Israel is occupying southern Lebanon and calling it a security buffer. Families can’t go home. Workers can’t get back to their shops. Villages sit empty because a U.S.-brokered “process” has no timetable and no end date.

Now, I’m just a simple man, but this don’t pencil out for the people living under that occupation. The Rome talks just produced an agreement on “pilot zones” that sounds technical and provisional, but what it really means is this: families in places like Froun and Ghandourieh have to wait until the U.S. and Israel decide the Lebanese Army is ready, Hezbollah is disarmed, and everything else on the list is checked off. That list could take years. It could take a generation. And until it’s done, those families are stuck. No job to go back to. No house to rebuild. No school for their kids.

The U.S. calls it “productive and positive.” A Lebanese military source told UPI there’s no clear timetable and the areas aren’t even defined yet. A senior Israeli official says “additional preparations and understandings are still needed.” Nobody’s checking on any of this, either. Not UNIFIL, not the UN Truce Supervision Organization, not U.S. boots on the ground. The same parties with the most to gain from delay are the ones deciding when delay is over.
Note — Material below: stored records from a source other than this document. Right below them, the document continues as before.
(* Let $\mathcal{S}$ be a finite subset of $\overline{\mathbb{M}}$. Then there is an integer $e_0$ such that $\Delta^{(m)}_e(\mathcal{S})\subseteq\Delta^{(m)}_e(\phi(\mathcal{S}))$ for all $e\ge e_0$.
   Context: $q$ is a prime power, $m$ a positive integer. A monomial $\mu\neq1$ in $x_0,\dots,x_m$ written $x_0^{a_0}\cdots x_k^{a_k}$ with $a_k>0$ is projectively reduced if $a_0,\dots,a_{k-1}\le q-1$; $1$ is projectively reduced. $\overline{\mathbb{M}}$ is the set of projectively reduced monomials, $\overline{\mathbb{M}}_e$ those of degree $e$, and $\overline{\mathbb{M}}^{(m)}_e=\{x_0^{a_0}\cdots x_m^{a_m}\in\overline{\mathbb{M}}_e:a_m>0\}$. For a set $\mathcal{S}$ of monomials, $\Delta_e(\mathcal{S})=\{\mu\in\overline{\mathbb{M}}_e:\text{no }\nu\in\mathcal{S}\text{ divides }\mu\}$ and $\Delta^{(m)}_e(\mathcal{S})=\Delta_e(\mathcal{S})\cap\overline{\mathbb{M}}^{(m)}_e$. Given $\mathcal{S}\subseteq\overline{\mathbb{M}}$, for $\mu=x_0^{i_0}\cdots x_m^{i_m}\in\mathcal{S}$ set $\phi(\mu)=\mu x_{m-1}/x_m$ if $x_0^{i_0}\cdots x_{m-2}^{i_{m-2}}x_{m-1}^{i_{m-1}+i_m}\notin\mathcal{S}$ and $i_{m-1}+1<q$, and $\phi(\mu)=\mu$ otherwise; $\phi(\mathcal{S})$ is the image. *)

theory Defs
  imports "HOL-Computational_Algebra.Primes"
begin

text \<open>A monomial x_0^a_0 ... x_m^a_m is represented by its exponent vector
  a :: nat \<Rightarrow> nat, with a i = 0 for i > m.\<close>

type_synonym monom = "nat \<Rightarrow> nat"

definition is_monom :: "nat \<Rightarrow> monom \<Rightarrow> bool" where
  "is_monom m a \<longleftrightarrow> (\<forall>i>m. a i = 0)"

definition mdeg :: "nat \<Rightarrow> monom \<Rightarrow> nat" where
  "mdeg m a = (\<Sum>i\<le>m. a i)"

definition mdvd :: "monom \<Rightarrow> monom \<Rightarrow> bool" where
  "mdvd b a \<longleftrightarrow> (\<forall>i. b i \<le> a i)"

definition proj_reduced :: "nat \<Rightarrow> nat \<Rightarrow> monom \<Rightarrow> bool" where
  "proj_reduced q m a \<longleftrightarrow> is_monom m a \<and>
     ((\<forall>i. a i = 0) \<or> (\<exists>k\<le>m. 0 < a k \<and> (\<forall>i>k. a i = 0) \<and> (\<forall>i<k. a i \<le> q - 1)))"

definition Mbar :: "nat \<Rightarrow> nat \<Rightarrow> monom set" where
  "Mbar q m = {a. proj_reduced q m a}"

definition Mbar_deg :: "nat \<Rightarrow> nat \<Rightarrow> nat \<Rightarrow> monom set" where
  "Mbar_deg q m e = {a \<in> Mbar q m. mdeg m a = e}"

definition Mbar_deg_top :: "nat \<Rightarrow> nat \<Rightarrow> nat \<Rightarrow> monom set" where
  "Mbar_deg_top q m e = {a \<in> Mbar_deg q m e. 0 < a m}"

definition Delta :: "nat \<Rightarrow> nat \<Rightarrow> nat \<Rightarrow> monom set \<Rightarrow> monom set" where
  "Delta q m e S = {a \<in> Mbar_deg q m e. \<not> (\<exists>b\<in>S. mdvd b a)}"

definition Delta_top :: "nat \<Rightarrow> nat \<Rightarrow> nat \<Rightarrow> monom set \<Rightarrow> monom set" where
  "Delta_top q m e S = Delta q m e S \<inter> Mbar_deg_top q m e"

definition phi :: "nat \<Rightarrow> nat \<Rightarrow> monom set \<Rightarrow> monom \<Rightarrow> monom" where
  "phi q m S a =
    (if (a((m-1) := a (m-1) + a m, m := 0)) \<notin> S \<and> a (m-1) + 1 < q
     then a((m-1) := a (m-1) + 1, m := a m - 1)
     else a)"

definition phi_set :: "nat \<Rightarrow> nat \<Rightarrow> monom set \<Rightarrow> monom set" where
  "phi_set q m S = phi q m S ` S"

end

theory Submission
  imports Defs
begin

text \<open>A reduced monomial of degree e with a_m > 0 has a_i \<le> q - 1 for all i < m, so
  a_m \<ge> e - m(q - 1) grows with e. Once a_m exceeds the m-th exponent of every element
  of the finite set S, divisibility by phi(b) implies divisibility by b, because phi only
  lowers the exponent of x_m and raises that of x_(m-1).\<close>

lemma proj_reduced_le_if_top_pos:
  assumes "proj_reduced q m a" and "0 < a m" and "i < m"
  shows "a i \<le> q - 1"
proof -
  from assms(1,2) obtain k where k: "k \<le> m" "\<forall>i>k. a i = 0" "\<forall>i<k. a i \<le> q - 1"
    unfolding proj_reduced_def by auto
  have "k = m" using k assms(2) by (metis le_neq_implies_less less_irrefl)
  then show ?thesis using k assms(3) by auto
qed

lemma Mbar_deg_top_deg_le:
  assumes "a \<in> Mbar_deg_top q m e"
  shows "e \<le> m * (q - 1) + a m"
proof -
  have red: "proj_reduced q m a" and deg: "mdeg m a = e" and pos: "0 < a m"
    using assms by (auto simp: Mbar_deg_top_def Mbar_deg_def Mbar_def)
  have "(\<Sum>i<m. a i) \<le> m * (q - 1)"
    using sum_bounded_above[of "{..<m}" a "q - 1"] proj_reduced_le_if_top_pos[OF red pos]
    by auto
  moreover have "mdeg m a = (\<Sum>i<m. a i) + a m"
    unfolding mdeg_def by (simp add: lessThan_Suc_atMost[symmetric])
  ultimately show ?thesis using deg by linarith
qed

lemma le_phi:
  assumes "i \<noteq> m"
  shows "b i \<le> phi q m S b i"
  using assms unfolding phi_def by auto

lemma mdvd_if_mdvd_phi:
  assumes "b m \<le> a m" and "mdvd (phi q m S b) a"
  shows "mdvd b a"
  unfolding mdvd_def
proof
  fix i
  show "b i \<le> a i"
  proof (cases "i = m")
    case True
    then show ?thesis using assms(1) by simp
  next
    case False
    then show ?thesis using le_phi[OF False] assms(2) le_trans unfolding mdvd_def by blast
  qed
qed

lemma Delta_top_subset_Delta_top:
  assumes "\<And>c a. c \<in> T \<Longrightarrow> a \<in> Mbar_deg_top q m e \<Longrightarrow> mdvd c a \<Longrightarrow> \<exists>b\<in>S. mdvd b a"
  shows "Delta_top q m e S \<subseteq> Delta_top q m e T"
  using assms by (auto simp: Delta_top_def Delta_def)

lemma Delta_top_subset_Delta_top_phi_set:
  assumes "\<And>b. b \<in> S \<Longrightarrow> m * (q - 1) + b m \<le> e"
  shows "Delta_top q m e S \<subseteq> Delta_top q m e (phi_set q m S)"
proof (rule Delta_top_subset_Delta_top)
  fix c a
  assume "c \<in> phi_set q m S" and top: "a \<in> Mbar_deg_top q m e" and "mdvd c a"
  then obtain b where b: "b \<in> S" "mdvd (phi q m S b) a"
    unfolding phi_set_def by auto
  have "b m \<le> a m"
    using assms[OF b(1)] Mbar_deg_top_deg_le[OF top] by linarith
  then show "\<exists>b\<in>S. mdvd b a"
    using mdvd_if_mdvd_phi b by blast
qed

theorem lemma4p6:
  fixes q m :: nat and S :: "monom set"
  assumes "\<exists>p k. prime p \<and> 0 < k \<and> q = p ^ k"
    and "0 < m"
    and "finite S" and "S \<subseteq> Mbar q m"
  shows "\<exists>e0::nat. \<forall>e\<ge>e0. Delta_top q m e S \<subseteq> Delta_top q m e (phi_set q m S)"
proof -
  define B where "B = Max (insert 0 ((\<lambda>b. b m) ` S))"
  have "b m \<le> B" if "b \<in> S" for b
    unfolding B_def using assms(3) that by (intro Max_ge) auto
  then have "Delta_top q m e S \<subseteq> Delta_top q m e (phi_set q m S)"
    if "m * (q - 1) + B \<le> e" for e
    using that by (intro Delta_top_subset_Delta_top_phi_set) fastforce
  then show ?thesis by blast
qed

end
The man who used to run a shop in one of those pilot zones can’t open his door. The woman whose home is in the buffer zone can’t bring her children back. The village that was a community is now a vacancy, waiting on a political process that has no clock. Walzer, in Just and Unjust Wars, says occupation is supposed to be temporary, under strict moral constraints. The occupying power has to maintain order, protect the population, and withdraw as soon as possible. But this occupation is being stretched into a long-term arrangement through a negotiating process the occupier itself can stall. The U.S. is the honest broker, the arms seller, and the security guarantor all at once, selling weapons to one side while guaranteeing the other. The pilot zones are a six-mile buffer zone carved out of a sovereign country, and the people inside it are the ones paying the price.

Lebanese President Joseph Aoun says efforts are underway to end the war and secure withdrawal, but the Rome agreement didn’t include a clear timetable, and the areas are yet to be defined. The arms contracts keep flowing. The diplomatic process keeps going. And the families in southern Lebanon keep waiting. Eisenhower, in his farewell address of January 17, 1961, paragraph 24, warned of the “potential for the disastrous rise of misplaced power” by the military-industrial complex. That power is in the diplomacy that justifies the hardware’s use, and every extension of an occupation rewards perpetual conflict.

The strategic record is plain. Occupations don’t end because the occupier suddenly finds religion. They end when the cost of staying exceeds the cost of leaving. Right now, with U.S. support and a diplomatic process that has no endpoint, the cost of staying is low. The cost is paid by Lebanese civilians, by regional stability, and by the American citizenry who foot the bill and get told it’s all part of a productive, positive process.

It’s not. The people of southern Lebanon deserve to go home. Their families, their jobs, their communities are all held hostage by a process with no end.

The man whose shop is closed, the woman whose house is empty, the village that’s been hollowed out. Just people going home.